Controversy is swirling around a bill put forward by state Assemblywoman Marge Markey (D−Maspeth) after news reports said the bishop in charge of the Brooklyn−Queens Diocese threatened to close churches in legislators’ districts if it passed.
Markey’s bill, Assembly 2596, would suspend the statute of limitations on child molestation lawsuits for a year before extending the limit to 10 years after the victim turns 18.
“Opponents of her bill seem to be more concerned about their assets than about children,” said Markey spokesman Mike Armstrong.
Among the elected officials at the Oct. 21, 2008, legislative breakfast at the Brooklyn home of Bishop Nicholas DiMarzio was state Sen. Joseph Addabbo (D−Howard Beach), who confirmed the bishop said several churches in the diocese would likely close if the bill were to pass.
Citing anonymous sources, the New York Post reported DiMarzio told attendees the diocese would publicly blame them for the closures.
“The bishop was very clear in expressing his serious concern,” Addabbo said. “It would cause severe financial hardship on the ... Queens Diocese. ... To him it was all about the finances, and he expressed his concern that way. It was the first time personally that I heard the frustration come out in the bishop.”
The Rev. Kieran Harrington, spokesman for the diocese, denied DiMarzio’s comments were meant as a threat.
“Anytime he has been asked, he has very publicly said this bill is going to have dire consequences for our diocese,” he said, estimating the bill could cost them as much as $500 million in legal fees and settlements. “Dire consequences means that we would not be able to sustain our parishes and schools.”
The issue is further clouded by a competing bill in the Assembly, sponsored by Assemblyman Vito Lopez (D−Brooklyn). Lopez’s bill would extend the statute of limitations on molestation lawsuits to seven years after the victim turns 18, as opposed to the 10−year extension Markey’s bill proposes.

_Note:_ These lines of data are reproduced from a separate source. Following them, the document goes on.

lemma psubst_atm_falsity_sub:
  assumes "wf_ty A" "noarrow A" "atm A = Some Y" "length ys = arity Y"
  shows "sub E (psubst Y ys falsity A) falsity"
  using assms
proof (induction A arbitrary: ys)
  case (Atom p ts)
  then show ?case by (auto intro: sub.refl)
next
  case (AllV x A)
  then show ?case
    using wf_psubst_falsity[of A Y ys] by (auto intro: sub_AllV_left)
next
  case (AllP X n A)
  show ?case
  proof (cases "Y = PVar X n")
    case True
    with AllP have "sub E (psubst Y [0..<n] falsity A) falsity" by auto
    with True AllP.prems show ?thesis
      by (auto intro!: sub.allP_l[where F = falsity and ys = "[0..<n]"] simp: pcfree_falsity)
  next
    case False
    with AllP show ?thesis
      by (auto intro!: sub_AllP_left_fresh wf_psubst_falsity simp: fp_psubst_falsity_atm)
  qed
next
  case (Mu c n xs D ts)
  then have "Y = PSym c n"
    using fp_noarrow[of D] by auto
  with Mu have "sub E (Mu c n xs D ts) (subst (inst xs ts) falsity)"
    by (intro sub.ind) (auto simp: pcfree_falsity)
  with \<open>Y = PSym c n\<close> show ?case by simp
qed auto

lemma kind2_sub: "wf_ty A \<Longrightarrow> kind2 A \<Longrightarrow> wf_ty B \<Longrightarrow> sub E A B"
proof -
  assume "wf_ty A" "kind2 A" "wf_ty B"
  then obtain Y where "noarrow A" "atm A = Some Y" "Y \<notin> fp A"
    by (auto simp: kind2_def)
  with \<open>wf_ty A\<close> have "sub E (psubst Y [0..<arity Y] falsity A) falsity"
    by (intro psubst_atm_falsity_sub) auto
  with \<open>Y \<notin> fp A\<close> have "sub E A falsity" by (simp add: psubst_fresh)
  then show "sub E A B" using falsity_sub[OF \<open>wf_ty B\<close>] by (rule sub.trans)
qed

theorem lemma4p4:
  fixes E :: "(trm \<times> trm) set"
  shows "(\<forall>A B. wf_ty A \<longrightarrow> kind1 A \<longrightarrow> sub E A B \<longrightarrow> kind1 B \<and> At A = At B) \<and>
         (\<forall>A B. wf_ty A \<longrightarrow> kind2 A \<longrightarrow> wf_ty B \<longrightarrow> sub E A B)"
  using sub_kind1 kind2_sub by blast

end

Lopez’s bill would also waive for sex abuse cases the 90−day window plaintiffs have to sue a public employee or agency for damages after an alleged injury, allowing public school students who claim to have been molested years ago to seek redress.
Neither bill has reached the Assembly floor, with only two weeks left in this year’s legislative session.
Harrington said the Brooklyn−Queens Diocese supported Lopez’s bill.
“It’s curious to me that so many people are attacking the church on this legislation when, in fact, there is a verging problem in our public educational institutions and there doesn’t seem to be concern for that,” Harrington said.
Assemblyman Jose Peralta (D−Jackson Heights), who was not at the legislative breakfast in October but who counts many Catholics among his constituents, said he has received numerous calls from both clergy and parishioners.
“They’re doing all that they can to make sure that this doesn’t come to the floor and if it does come to the floor, it fails,” he said, noting he was not in favor of selectively extending the statute of limitations.
“I think the Lopez bill is more of a tactic being used to sort of defuse the Markey bill,” Peralta said. “At the end of the day, I think the church doesn’t even want the Lopez bill. I think what they are doing is sort of saying we have to choose the lesser of two evils.”